I have looked at the Oracle/SQL: Split two inter-related lists into independent cohorts but the question remains unanswered.
Normally I would do the inspection visually and assign users to cohorts, but I have tens of thousands of rows, and was hoping there was a more efficient way to do this with SQL. I am running MSSQL 2014.
I have tried using OUTER APPLY with the table on itself but I am not really getting the result I am looking for.
Could you point me in the right direction please?
SQL:
SELECT src.UserID
,src.GroupSessionDate
,src.StartTime
,src.DayofWeek
,src.Topic
,prevsessdata.GroupSessionDate
FROM GroupSessions src OUTER APPLY
(SELECT TOP 1 * GroupSessions prevsd WHERE src.Topic=prevsd.Topic
AND src.UserID=prevsd.UserID AND src.DayOfWeek=prevsd.DayOfWeek
AND src.StartTime=prevsd.StartTime
AND prevsd.GroupSessionDate<src.GroupSessionDate) prevsessdata
EDIT: Assumptions that can be made:
Desired output: For each Topic, StartTime, and DoW, list Cohort Start/End Dates.
Thanks!
I think you're looking for something like this:
; WITH T AS (
SELECT CONVERT(DATE, REPLACE(GroupSessionDate, '-', ' ')) GroupSessionDate, Topic, StartTime, [DayOfWeek]

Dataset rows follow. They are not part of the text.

lemma pos_def_invertible:
  fixes M :: "real^'n^'n"
  assumes "\<And>z. z \<noteq> 0 \<Longrightarrow> 0 < z \<bullet> (M *v z)"
  shows "invertible M"
  unfolding invertible_left_inverse matrix_left_invertible_ker
  using assms by (metis inner_zero_right less_irrefl)

lemma quadratic_complete_square:
  fixes M :: "real^'n^'n"
  assumes "transpose M = M" and "M *v v = - g"
  shows "u \<bullet> (M *v u) + 2 * (u \<bullet> g) = v \<bullet> (M *v v) + 2 * (v \<bullet> g) + (u - v) \<bullet> (M *v (u - v))"
proof -
  have "v \<bullet> (M *v u) = u \<bullet> (M *v v)"
    by (metis assms(1) inner_transpose_matrix)
  moreover have "g = - (M *v v)"
    using assms(2) by simp
  ultimately show ?thesis
    by (simp add: matrix_vector_mult_diff_distrib inner_diff_left inner_diff_right)
qed

lemma optimal_first_control:
  fixes J :: "(nat \<Rightarrow> 'a) \<Rightarrow> ennreal" and V :: "'a \<Rightarrow> real"
  assumes lower: "\<And>u. ennreal (V (u k)) \<le> J u"
    and attained: "\<And>a. \<exists>u. J u \<le> ennreal (V a)"
    and unique_min: "\<And>a. a \<noteq> a\<^sub>0 \<Longrightarrow> V a\<^sub>0 < V a" and "0 \<le> V a\<^sub>0"
  shows "(\<exists>u. \<forall>v. J u \<le> J v) \<and> (\<forall>u. (\<forall>v. J u \<le> J v) \<longrightarrow> u k = a\<^sub>0)"
proof (intro conjI allI impI)
  obtain u\<^sub>0 where u\<^sub>0: "J u\<^sub>0 \<le> ennreal (V a\<^sub>0)"
    using attained by blast
  have "V a\<^sub>0 \<le> V a" for a
    using unique_min by (cases "a = a\<^sub>0") (auto intro: less_imp_le)
  then have "J u\<^sub>0 \<le> J v" for v
    using u\<^sub>0 lower[of v] by (meson ennreal_leI order_trans)
  then show "\<exists>u. \<forall>v. J u \<le> J v"
    by blast
  fix u
  assume "\<forall>v. J u \<le> J v"
  then have "ennreal (V (u k)) \<le> ennreal (V a\<^sub>0)"
    using lower[of u] u\<^sub>0 by (meson order_trans)
  then have "V (u k) \<le> V a\<^sub>0"
    using \<open>0 \<le> V a\<^sub>0\<close> by simp
  then show "u k = a\<^sub>0"
    using unique_min by force
qed

lemma ennreal_suminf_le_telescoping:
  fixes c V :: "nat \<Rightarrow> real"
  assumes step: "\<And>j. c j + V (Suc j) \<le> V j" and "\<And>j. 0 \<le> c j" and "\<And>j. 0 \<le> V j"
  shows "(\<Sum>j. ennreal (c j)) \<le> ennreal (V 0)"
proof (rule suminf_le_const)
  fix K
  have "(\<Sum>j<K. c j) + V K \<le> V 0"
  proof (induction K)
    case (Suc K)
    then show ?case
      using step[of K] by simp
  qed simp
  then have "(\<Sum>j<K. c j) \<le> V 0"
    using assms(3)[of K] by linarith
  then show "(\<Sum>j<K. ennreal (c j)) \<le> ennreal (V 0)"
    using assms(2) by (simp add: ennreal_leI)
qed simp

lemma traj_shift_start: "traj A B k x u j = traj A B 0 x (\<lambda>i. u (k + i)) j"
  by (induction j) auto

lemma traj_Suc_shift:
  "traj A B 0 x w (Suc j) = traj A B 0 (A *v x + B *v w 0) (\<lambda>i. w (Suc i)) j"
  by (induction j) auto

locale lq_cost =
  fixes A :: "real^'n^'n" and B :: "real^'m^'n" and Q :: "real^'n^'n" and R :: "real^'m^'m"
    and \<gamma> :: real
  assumes Q_nonneg: "0 \<le> z \<bullet> (Q *v z)"
    and R_pos_def: "v \<noteq> 0 \<Longrightarrow> 0 < v \<bullet> (R *v v)"
    and gamma_nonneg: "0 \<le> \<gamma>"
begin

(* The paper's Q-function with d steps to go, the references re-indexed so that the current one
   is sigma 0. *)
fun Q_to_go :: "(nat \<Rightarrow> real^'n) \<Rightarrow> nat \<Rightarrow> real^'n \<Rightarrow> real^'m \<Rightarrow> real" where
  "Q_to_go \<sigma> 0 x u = stage_cost Q R x u (\<sigma> 0)"
| "Q_to_go \<sigma> (Suc d) x u =
     stage_cost Q R x u (\<sigma> 0) + \<gamma> * (INF v. Q_to_go (\<lambda>j. \<sigma> (Suc j)) d (A *v x + B *v u) v)"

definition discounted_cost :: "(nat \<Rightarrow> real^'n) \<Rightarrow> real^'n \<Rightarrow> (nat \<Rightarrow> real^'m) \<Rightarrow> ennreal" where
  "discounted_cost \<sigma> x w = (\<Sum>j. ennreal (\<gamma> ^ j * stage_cost Q R (traj A B 0 x w j) (w j) (\<sigma> j)))"

lemma qfun_eq_Q_to_go:
  "d \<le> K \<Longrightarrow> qfun A B Q R \<gamma> r k K d x u = Q_to_go (\<lambda>j. r (k + (K - d) + j)) d x u"
proof (induction d arbitrary: x u)
  case (Suc d)
  have "(\<lambda>j. r (k + (K - Suc d) + Suc j)) = (\<lambda>j. r (k + (K - d) + j))"
    using Suc.prems by (auto simp: Suc_diff_Suc)
  then show ?case
    using Suc by simp
qed simp

lemma Jcost_eq_discounted_cost:
  "Jcost A B Q R \<gamma> r k x u = discounted_cost (\<lambda>j. r (k + j)) x (\<lambda>i. u (k + i))"
  by (simp add: Jcost_def discounted_cost_def traj_shift_start[of A B k])

lemma Q_to_go_fun_upd_0:
  "Q_to_go (\<sigma>(0 := s)) d x u = Q_to_go \<sigma> d x u + stage_cost Q R x u s - stage_cost Q R x u (\<sigma> 0)"
  by (cases d) simp_all

lemma R_nonneg: "0 \<le> v \<bullet> (R *v v)"
  using R_pos_def[of v] by (cases "v = 0") auto

lemma stage_cost_nonneg: "0 \<le> stage_cost Q R x u r"
  using Q_nonneg R_nonneg by (simp add: stage_cost_def)

lemma stage_cost_convex:
  assumes "0 \<le> t" "t \<le> 1"
  shows "stage_cost Q R (t *\<^sub>R x\<^sub>1 + (1 - t) *\<^sub>R x\<^sub>2) (t *\<^sub>R u\<^sub>1 + (1 - t) *\<^sub>R u\<^sub>2) r
    \<le> t * stage_cost Q R x\<^sub>1 u\<^sub>1 r + (1 - t) * stage_cost Q R x\<^sub>2 u\<^sub>2 r"
proof -
  have shift: "t *\<^sub>R x\<^sub>1 + (1 - t) *\<^sub>R x\<^sub>2 - r = t *\<^sub>R (x\<^sub>1 - r) + (1 - t) *\<^sub>R (x\<^sub>2 - r)"
    by (simp add: algebra_simps)
  have mix: "t * (1/2 * (a + b)) + (1 - t) * (1/2 * (c + d))
      = 1/2 * ((t * a + (1 - t) * c) + (t * b + (1 - t) * d))" for a b c d :: real
    by algebra
  show ?thesis
    using quadratic_form_convex[OF Q_nonneg assms, of "x\<^sub>1 - r" "x\<^sub>2 - r"]
      quadratic_form_convex[OF R_nonneg assms, of u\<^sub>1 u\<^sub>2]
    unfolding stage_cost_def mix shift by (intro mult_left_mono add_mono) auto
qed

lemma Q_to_go_nonneg: "0 \<le> Q_to_go \<sigma> d x u"
proof (induction d arbitrary: \<sigma> x u)
  case (Suc d)
  then have "0 \<le> (INF v. Q_to_go (\<lambda>j. \<sigma> (Suc j)) d (A *v x + B *v u) v)"
    by (intro cINF_greatest) auto
  then show ?case
    using gamma_nonneg stage_cost_nonneg by simp
qed (simp add: stage_cost_nonneg)

lemma bdd_below_Q_to_go: "bdd_below (range (Q_to_go \<sigma> d x))"
  using Q_to_go_nonneg by (intro bdd_belowI) blast

lemma Q_to_go_le_Suc: "Q_to_go \<sigma> d x u \<le> Q_to_go \<sigma> (Suc d) x u"
proof (induction d arbitrary: \<sigma> x u)
  case 0
  have "0 \<le> (INF v. Q_to_go (\<lambda>j. \<sigma> (Suc j)) 0 (A *v x + B *v u) v)"
    by (intro cINF_greatest Q_to_go_nonneg) simp
  then show ?case
    using gamma_nonneg by simp
next
  case (Suc d)
  have "(INF v. Q_to_go (\<lambda>j. \<sigma> (Suc j)) d (A *v x + B *v u) v)
      \<le> (INF v. Q_to_go (\<lambda>j. \<sigma> (Suc j)) (Suc d) (A *v x + B *v u) v)"
    using Suc.IH by (intro cINF_mono bdd_below_Q_to_go) auto
  then show ?case
    using gamma_nonneg by (simp add: mult_left_mono)
qed

lemma incseq_Q_to_go: "incseq (\<lambda>d. Q_to_go \<sigma> d x u)"
  by (rule incseq_SucI) (rule Q_to_go_le_Suc)

lemma Q_to_go_le_partial_cost:
  "Q_to_go \<sigma> d x (w 0) \<le> (\<Sum>j\<le>d. \<gamma> ^ j * stage_cost Q R (traj A B 0 x w j) (w j) (\<sigma> j))"
proof (induction d arbitrary: \<sigma> x w)
  case (Suc d)
  let ?y = "A *v x + B *v w 0" and ?w = "\<lambda>i. w (Suc i)" and ?\<sigma> = "\<lambda>j. \<sigma> (Suc j)"
  have "(INF v. Q_to_go ?\<sigma> d ?y v) \<le> Q_to_go ?\<sigma> d ?y (?w 0)"
    by (rule cINF_lower) (auto simp: bdd_below_Q_to_go)
  also have "\<dots> \<le> (\<Sum>j\<le>d. \<gamma> ^ j * stage_cost Q R (traj A B 0 ?y ?w j) (?w j) (?\<sigma> j))"
    by (rule Suc.IH)
  finally have "\<gamma> * (INF v. Q_to_go ?\<sigma> d ?y v)
      \<le> \<gamma> * (\<Sum>j\<le>d. \<gamma> ^ j * stage_cost Q R (traj A B 0 ?y ?w j) (?w j) (?\<sigma> j))"
    using gamma_nonneg by (rule mult_left_mono)
  then show ?case
    unfolding sum.atMost_Suc_shift
    by (simp add: sum_distrib_left traj_Suc_shift mult.assoc del: traj.simps(2))
qed simp

lemma Q_to_go_convex:
  assumes t: "0 \<le> t" "t \<le> 1"
  shows "Q_to_go \<sigma> d (t *\<^sub>R x\<^sub>1 + (1 - t) *\<^sub>R x\<^sub>2) (t *\<^sub>R u\<^sub>1 + (1 - t) *\<^sub>R u\<^sub>2)
    \<le> t * Q_to_go \<sigma> d x\<^sub>1 u\<^sub>1 + (1 - t) * Q_to_go \<sigma> d x\<^sub>2 u\<^sub>2"
proof (induction d arbitrary: \<sigma> x\<^sub>1 x\<^sub>2 u\<^sub>1 u\<^sub>2)
  case 0
  then show ?case
    using stage_cost_convex[OF t] by simp
next
  case (Suc d)
  let ?\<sigma> = "\<lambda>j. \<sigma> (Suc j)" and ?y\<^sub>1 = "A *v x\<^sub>1 + B *v u\<^sub>1" and ?y\<^sub>2 = "A *v x\<^sub>2 + B *v u\<^sub>2"
  have y: "A *v (t *\<^sub>R x\<^sub>1 + (1 - t) *\<^sub>R x\<^sub>2) + B *v (t *\<^sub>R u\<^sub>1 + (1 - t) *\<^sub>R u\<^sub>2)
      = t *\<^sub>R ?y\<^sub>1 + (1 - t) *\<^sub>R ?y\<^sub>2"
    by (simp add: algebra_simps)
  have "(INF v. Q_to_go ?\<sigma> d (t *\<^sub>R ?y\<^sub>1 + (1 - t) *\<^sub>R ?y\<^sub>2) v)
      \<le> t * (INF v. Q_to_go ?\<sigma> d ?y\<^sub>1 v) + (1 - t) * (INF v. Q_to_go ?\<sigma> d ?y\<^sub>2 v)"
  proof (rule le_convex_comb_INF[OF bdd_below_Q_to_go bdd_below_Q_to_go t])
    fix v\<^sub>1 v\<^sub>2
    have "(INF v. Q_to_go ?\<sigma> d (t *\<^sub>R ?y\<^sub>1 + (1 - t) *\<^sub>R ?y\<^sub>2) v)
        \<le> Q_to_go ?\<sigma> d (t *\<^sub>R ?y\<^sub>1 + (1 - t) *\<^sub>R ?y\<^sub>2) (t *\<^sub>R v\<^sub>1 + (1 - t) *\<^sub>R v\<^sub>2)"
      by (rule cINF_lower[OF bdd_below_Q_to_go]) simp
    also have "\<dots> \<le> t * Q_to_go ?\<sigma> d ?y\<^sub>1 v\<^sub>1 + (1 - t) * Q_to_go ?\<sigma> d ?y\<^sub>2 v\<^sub>2"
      by (rule Suc.IH)
    finally show "(INF v. Q_to_go ?\<sigma> d (t *\<^sub>R ?y\<^sub>1 + (1 - t) *\<^sub>R ?y\<^sub>2) v)
        \<le> t * Q_to_go ?\<sigma> d ?y\<^sub>1 v\<^sub>1 + (1 - t) * Q_to_go ?\<sigma> d ?y\<^sub>2 v\<^sub>2" .
  qed
  then have "\<gamma> * (INF v. Q_to_go ?\<sigma> d (t *\<^sub>R ?y\<^sub>1 + (1 - t) *\<^sub>R ?y\<^sub>2) v)
      \<le> \<gamma> * (t * (INF v. Q_to_go ?\<sigma> d ?y\<^sub>1 v) + (1 - t) * (INF v. Q_to_go ?\<sigma> d ?y\<^sub>2 v))"
    using gamma_nonneg by (rule mult_left_mono)
  then show ?case
    using stage_cost_convex[OF t, of x\<^sub>1 x\<^sub>2 u\<^sub>1 u\<^sub>2 "\<sigma> 0"]
    unfolding Q_to_go.simps(2) y by (simp add: algebra_simps)
qed

lemma continuous_on_Q_to_go: "continuous_on UNIV (Q_to_go \<sigma> d x)"
proof (rule convex_on_continuous)
  show "convex_on UNIV (Q_to_go \<sigma> d x)"
  proof (rule convex_onI)
    fix t :: real and u v
    assume "0 < t" "t < 1"
    then show "Q_to_go \<sigma> d x ((1 - t) *\<^sub>R u + t *\<^sub>R v) \<le> (1 - t) * Q_to_go \<sigma> d x u + t * Q_to_go \<sigma> d x v"
      using Q_to_go_convex[of "1 - t" \<sigma> d x x u v] by (simp add: algebra_simps scaleR_diff_left[symmetric])
  qed auto
qed simp

lemma Q_to_go_sublevel_bounded: "bounded {v. Q_to_go \<sigma> d x v \<le> b}"
proof -
  obtain c where c: "0 < c" "\<And>v. c * (norm v)\<^sup>2 \<le> v \<bullet> (R *v v)"
    using pos_def_coercive[OF R_pos_def] by blast
  have "norm v \<le> sqrt (2 * b / c)" if "Q_to_go \<sigma> d x v \<le> b" for v
  proof (rule real_le_rsqrt)
    have "c * (norm v)\<^sup>2 \<le> 2 * stage_cost Q R x v (\<sigma> 0)"
      using c(2)[of v] Q_nonneg[of "x - \<sigma> 0"] by (simp add: stage_cost_def)
    also have "\<dots> = 2 * Q_to_go \<sigma> 0 x v"
      by simp
    also have "\<dots> \<le> 2 * Q_to_go \<sigma> d x v"
      using incseqD[OF incseq_Q_to_go, of 0 d] by simp
    also have "\<dots> \<le> 2 * b"
      using that by simp
    finally show "(norm v)\<^sup>2 \<le> 2 * b / c"
      using c(1) by (simp add: field_simps)
  qed
  then show ?thesis
    unfolding bounded_iff by blast
qed

lemma Q_to_go_attains_INF: "\<exists>v. Q_to_go \<sigma> d x v = (INF v. Q_to_go \<sigma> d x v)"
proof -
  obtain v where "\<And>w. Q_to_go \<sigma> d x v \<le> Q_to_go \<sigma> d x w"
    using continuous_attains_global_inf[OF continuous_on_Q_to_go Q_to_go_sublevel_bounded] by blast
  then have "Q_to_go \<sigma> d x v = (INF v. Q_to_go \<sigma> d x v)"
    by (intro antisym cINF_greatest cINF_lower bdd_below_Q_to_go) auto
  then show ?thesis ..
qed

end

locale lq_cost_limit = lq_cost A B Q R \<gamma>
  for A :: "real^'n^'n" and B :: "real^'m^'n" and Q R \<gamma> +
  fixes W :: "(nat \<Rightarrow> real^'n) \<Rightarrow> real^'n \<Rightarrow> real^'m \<Rightarrow> real" and N :: nat
  assumes Q_to_go_tendsto: "\<forall>j>N. \<sigma> j = 0 \<Longrightarrow> (\<lambda>K. Q_to_go \<sigma> K x u) \<longlonglongrightarrow> W \<sigma> x u"
begin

, STUFF((SELECT ', ' + CONVERT(NVARCHAR, UserID)
FROM GroupSessions
WHERE GroupSessionDate = G.GroupSessionDate
AND Topic = G.Topic
AND StartTime = G.StartTime
AND [DayOfWeek] = G.[DayOfWeek]
ORDER BY UserID
FOR XML PATH ('')), 1, 2, '') [Cohort]
FROM GroupSessions G
GROUP BY GroupSessionDate, Topic, StartTime, [DayOfWeek])
SELECT Cohort, MIN(GroupSessionDate) SessionStartDate, MAX(GroupSessionDate) SessionEndDate, Topic, StartTime, [DayOfWeek]
FROM T
GROUP BY Topic, StartTime, [DayOfWeek], Cohort, DATEDIFF(dd, 0, GroupSessionDate) % 7
ORDER BY MIN(GroupSessionDate)
A simple group by statement. Really, from what it looks like you're asking, all you need to do is group by topic, starttime, dayofweek and groupsessiondate to find each "cohort" then sort through that again to find the minimum / maximum dates for each of these.
If this isn't producing the right results, there's probably some other criterion you need to use to narrow it down a bit further.